By Johan Hjertqvist
Johan Hjertqvist, founder and President of the Health Consumer Powerhouse, presents 2008 data from European consumer surveys that, for the first time, included Canada. —Report from a presentation at the 2008 conference of the MUHC-ISAI
The Health Consumer Index was designed to measure the gap between what consumers expect and what health care systems deliver in various countries.
We look at 27 indicators in five categories: patient rights, accessibility, medical outcomes for a basket of treatments, access to medicines and the generosity of the system, i.e. how much care is publicly covered?
How does Canada rate?
Compared to European countries, Canada rates very poorly on most indices, and ranks between Greece and Slovakia in total score (Figures 1). The three factors that contribute most to Canada’s poor standing are waiting times, poor coverage for medicines, and the absence of a culture of patient rights.

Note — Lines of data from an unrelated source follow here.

text \<open>Here B is the side-1 part of the reflected dominating set; it is as large as the side-2 part
  of D.\<close>

lemma knodel_minus_vertex_side_bounds:
  assumes "u \<in> knodel_vertices n" "dominating (knodel_vertices n - {u}) (knodel_adj 4 n) D"
  obtains A B where "card D = card A + card B" "A \<subseteq> {..<n div 2}" "B \<subseteq> {..<n div 2}"
    "n div 2 \<le> card B + card (\<Union>x\<in>A. knodel_nbrs n x) + 1"
    "n div 2 \<le> card A + card (\<Union>x\<in>B. knodel_nbrs n x) + 1"
proof -
  let ?V = "knodel_vertices n" and ?D' = "knodel_flip n ` D"
  have DV: "D \<subseteq> ?V" using assms(2) unfolding dominating_def by blast
  then have D'V: "?D' \<subseteq> ?V" using knodel_flip_vertices by blast
  have "knodel_flip n ` (?V - {u}) = ?V - {knodel_flip n u}"
    using inj_on_image_set_diff[OF inj_on_knodel_flip, of ?V "{u}"] knodel_flip_vertices assms(1)
    by simp
  moreover have "dominating (knodel_flip n ` (?V - {u})) (knodel_adj 4 n) ?D'"
    using assms(2) by (rule dominating_image) (simp add: knodel_flip_adj)
  ultimately have "dominating (?V - {knodel_flip n u}) (knodel_adj 4 n) ?D'" by simp
  moreover have "knodel_flip n u \<in> ?V" using assms(1) knodel_flip_vertices by blast
  ultimately have "n div 2 \<le> card (knodel_side ?D' 2) + card (\<Union>x\<in>knodel_side ?D' 1. knodel_nbrs n x) + 1"
    by (rule knodel_minus_vertex_side2_bound[rotated])
  moreover have "card (knodel_side ?D' 2) = card (knodel_side D 1)"
    "card (knodel_side ?D' 1) = card (knodel_side D 2)"
    using card_knodel_side_flip[OF DV] by simp_all
  ultimately show thesis
    using that[of "knodel_side D 1" "knodel_side ?D' 1"] card_knodel_subset[OF DV]
      knodel_minus_vertex_side2_bound[OF assms] knodel_side_subset[OF DV] knodel_side_subset[OF D'V]
    by simp
qed

lemma knodel_domination_minus_vertex_ge_5t:
  assumes "n div 2 = 5 * t" "u \<in> knodel_vertices n"
    and "dominating (knodel_vertices n - {u}) (knodel_adj 4 n) D"
  shows "2 * t \<le> card D"
proof -
  obtain A B where AB: "card D = card A + card B" "A \<subseteq> {..<n div 2}" "B \<subseteq> {..<n div 2}"
    "n div 2 \<le> card B + card (\<Union>x\<in>A. knodel_nbrs n x) + 1"
    "n div 2 \<le> card A + card (\<Union>x\<in>B. knodel_nbrs n x) + 1"
    using knodel_minus_vertex_side_bounds[OF assms(2,3)] .
  have "card (\<Union>x\<in>A. knodel_nbrs n x) \<le> 4 * card A" "card (\<Union>x\<in>B. knodel_nbrs n x) \<le> 4 * card B"
    using AB(2,3) finite_subset by (blast intro: card_UN_knodel_nbrs_le)+
  then show ?thesis using AB(1,4,5) assms(1) by linarith
qed

lemma knodel_domination_minus_vertex_ge_5t2:
  assumes m: "n div 2 = 5 * t + 2" and "2 \<le> t" and "u \<in> knodel_vertices n"
    and "dominating (knodel_vertices n - {u}) (knodel_adj 4 n) D"
  shows "2 * t + 2 \<le> card D"
proof -
  obtain A B where AB: "card D = card A + card B" "A \<subseteq> {..<n div 2}" "B \<subseteq> {..<n div 2}"
    "n div 2 \<le> card B + card (\<Union>x\<in>A. knodel_nbrs n x) + 1"
    "n div 2 \<le> card A + card (\<Union>x\<in>B. knodel_nbrs n x) + 1"
    using knodel_minus_vertex_side_bounds[OF assms(3,4)] .
  have le: "card (\<Union>x\<in>S. knodel_nbrs n x) \<le> 4 * card S" if "S \<subseteq> {..<n div 2}" for S
    using card_UN_knodel_nbrs_le finite_subset[OF that] by blast
  note less = card_UN_knodel_nbrs_less[OF m \<open>2 \<le> t\<close>]
  show ?thesis
  proof (rule ccontr)
    assume "\<not> 2 * t + 2 \<le> card D"
    then have small: "card A + card B \<le> 2 * t + 1" using AB(1) by linarith
    consider "card A < t" | "card B < t" | "t \<le> card A" "t \<le> card B" by linarith
    then show False
    proof cases
      case 1
      then show False using le[OF AB(2)] AB(4) small m by linarith
    next
      case 2
      then show False using le[OF AB(3)] AB(5) small m by linarith
    next
      case 3
      then show False
        using less[OF AB(2) 3(1)] less[OF AB(3) 3(2)] AB(4,5) small m
        by (cases "card A \<le> t") linarith+
    qed
  qed
qed

lemma knodel_dominatingI:
  assumes "D \<subseteq> knodel_vertices n"
    and side1: "\<And>x. x < n div 2 \<Longrightarrow> (1, x) \<notin> D \<Longrightarrow>
      \<exists>r\<in>knodel_offsets. (2, (x + r) mod (n div 2)) \<in> D"
    and side2: "\<And>y. y < n div 2 \<Longrightarrow> (2, y) \<notin> D \<Longrightarrow>
      \<exists>x. \<exists>r\<in>knodel_offsets. (1, x) \<in> D \<and> y = (x + r) mod (n div 2)"
  shows "dominating (knodel_vertices n) (knodel_adj 4 n) D"
  unfolding dominating_def
proof (intro conjI ballI)
  fix v assume "v \<in> knodel_vertices n - D"
  then obtain a x where v: "v = (a, x)" "a = 1 \<or> a = 2" "x < n div 2" "(a, x) \<notin> D"
    unfolding knodel_vertices_def by blast
  from v(2) show "\<exists>d\<in>D. knodel_adj 4 n v d"
  proof
    assume "a = 1"
    then obtain r where "r \<in> knodel_offsets" "(2, (x + r) mod (n div 2)) \<in> D"
      using side1 v(3,4) by blast
    then show ?thesis
      unfolding v(1) \<open>a = 1\<close> by (intro bexI[of _ "(2, (x + r) mod (n div 2))"]) (auto simp: knodel_adj_4_iff)
  next
    assume "a = 2"
    then obtain x' r where "r \<in> knodel_offsets" "(1, x') \<in> D" "x = (x' + r) mod (n div 2)"
      using side2 v(3,4) by blast
    then show ?thesis
      unfolding v(1) \<open>a = 2\<close> by (intro bexI[of _ "(1, x')"]) (auto simp: knodel_adj_4_iff)
  qed
qed (rule assms(1))

definition knodel_base :: "nat \<Rightarrow> (nat \<times> nat) set" where
  "knodel_base t = {(a, x). (a = 1 \<and> x mod 5 = 0 \<or> a = 2 \<and> x mod 5 = 4) \<and> x < 5 * t}"

lemma card_knodel_base: "card (knodel_base t) \<le> 2 * t"
proof -
  let ?B1 = "(\<lambda>i. (1::nat, 5 * i)) ` {..<t}" and ?B2 = "(\<lambda>i. (2::nat, 5 * i + 4)) ` {..<t}"
  have "knodel_base t \<subseteq> ?B1 \<union> ?B2"
  proof
    fix v assume "v \<in> knodel_base t"
    then obtain a x where v: "v = (a, x)" "a = 1 \<and> x mod 5 = 0 \<or> a = 2 \<and> x mod 5 = 4" "x < 5 * t"
      by (cases v) (simp add: knodel_base_def)
    have "x div 5 \<in> {..<t}" using v(3) by simp
    from v(2) show "v \<in> ?B1 \<union> ?B2"
    proof
      assume "a = 1 \<and> x mod 5 = 0"
      then have "v = (1, 5 * (x div 5))" using v(1) mult_div_mod_eq[of 5 x] by auto
      then show ?thesis using \<open>x div 5 \<in> _\<close> by blast
    next
      assume "a = 2 \<and> x mod 5 = 4"
      then have "v = (2, 5 * (x div 5) + 4)" using v(1) mult_div_mod_eq[of 5 x] by auto
      then show ?thesis using \<open>x div 5 \<in> _\<close> by blast
    qed
  qed
  then have "card (knodel_base t) \<le> card (?B1 \<union> ?B2)" by (intro card_mono) simp_all
  also have "\<dots> \<le> card ?B1 + card ?B2" by (rule card_Un_le)
  also have "\<dots> \<le> t + t"
    using card_image_le[of "{..<t}" "\<lambda>i. (1::nat, 5 * i)"] card_image_le[of "{..<t}" "\<lambda>i. (2::nat, 5 * i + 4)"]
    by simp
  finally show ?thesis by simp
qed

lemma knodel_base_side1:
  assumes "x < 5 * t"
  shows "x mod 5 = 0 \<or> (\<exists>r\<in>knodel_offsets. x + r < 5 * t \<and> (x + r) mod 5 = 4) \<or> x + 3 = 5 * t"
proof -
  define q \<rho> where "q = x div 5" and "\<rho> = x mod 5"
  have "x = 5 * q + \<rho>" "\<rho> < 5" "q < t" unfolding q_def \<rho>_def using assms by simp_all
  moreover have "\<rho> = 0 \<or> \<rho> = 1 \<or> \<rho> = 2 \<or> \<rho> = 3 \<or> \<rho> = 4" using \<open>\<rho> < 5\<close> by linarith
  ultimately show ?thesis
    unfolding knodel_offsets_def by (elim disjE) (simp_all, presburger+)
qed

lemma knodel_base_side2:
  "y mod 5 = 4 \<or> (\<exists>r\<in>knodel_offsets. r \<le> y \<and> (y - r) mod 5 = 0) \<or> y = 2"
proof -
  define q \<rho> where "q = y div 5" and "\<rho> = y mod 5"
  have "y = 5 * q + \<rho>" "\<rho> < 5" unfolding q_def \<rho>_def by simp_all
  moreover have "\<rho> = 0 \<or> \<rho> = 1 \<or> \<rho> = 2 \<or> \<rho> = 3 \<or> \<rho> = 4" using \<open>\<rho> < 5\<close> by linarith
  ultimately show ?thesis
    unfolding knodel_offsets_def by (elim disjE) (simp_all, presburger+)
qed

lemma knodel_base_subset: "5 * t \<le> n div 2 \<Longrightarrow> knodel_base t \<subseteq> knodel_vertices n"
  unfolding knodel_base_def knodel_vertices_def by auto

lemma knodel_base_dominating:
  assumes m: "n div 2 = 5 * t" and "1 \<le> t"
  shows "dominating (knodel_vertices n) (knodel_adj 4 n) (knodel_base t)"
proof (rule knodel_dominatingI)
  show "knodel_base t \<subseteq> knodel_vertices n" using m by (intro knodel_base_subset) simp
next
  fix x assume "x < n div 2" "(1, x) \<notin> knodel_base t"
  then consider r where "r \<in> knodel_offsets" "x + r < 5 * t" "(x + r) mod 5 = 4" | "x + 3 = 5 * t"
    using knodel_base_side1[of x t] m by (auto simp: knodel_base_def)
  then show "\<exists>r\<in>knodel_offsets. (2, (x + r) mod (n div 2)) \<in> knodel_base t"
  proof cases
    case 1
    then show ?thesis unfolding m knodel_base_def by (intro bexI[of _ r]) auto
  next
    case 2
    then have "x + 7 = 4 + n div 2" "4 < n div 2" using m \<open>1 \<le> t\<close> by linarith+
    then have "(x + 7) mod (n div 2) = 4" by (metis mod_add_self2 mod_less)
    then show ?thesis using \<open>1 \<le> t\<close> unfolding knodel_base_def knodel_offsets_def by auto
  qed
next
  fix y assume "y < n div 2" "(2, y) \<notin> knodel_base t"
  then consider r where "r \<in> knodel_offsets" "r \<le> y" "(y - r) mod 5 = 0" | "y = 2"
    using knodel_base_side2[of y] m by (auto simp: knodel_base_def)
  then show "\<exists>x. \<exists>r\<in>knodel_offsets. (1, x) \<in> knodel_base t \<and> y = (x + r) mod (n div 2)"
  proof cases
    case 1
    then show ?thesis using \<open>y < n div 2\<close> m by (intro exI[of _ "y - r"] bexI[of _ r]) (auto simp: knodel_base_def)
  next
    case 2
    have "5 * t - 5 + 7 = 2 + n div 2" "2 < n div 2" using m \<open>1 \<le> t\<close> by linarith+
    then have "(5 * t - 5 + 7) mod (n div 2) = 2" by (metis mod_add_self2 mod_less)
    then show ?thesis using 2 \<open>1 \<le> t\<close>
      by (intro exI[of _ "5 * t - 5"] bexI[of _ 7]) (auto simp: knodel_base_def knodel_offsets_def)
  qed
qed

Outcomes from cardiac care are excellent compared to other countries, while other treatments produce average outcomes. Access to cataract surgery is good but waiting times are very long for other procedures. The Canadian system is not very generous in terms of what is covered by the public purse: roughly one third of funding comes from individuals, compared to only around 10% in European countries. This is especially true with medicines: less than 40% of the cost of medications in Canada is covered by public funding and there is rather poor access to new drugs, with long delays in introducing new drugs into reimbursement systems.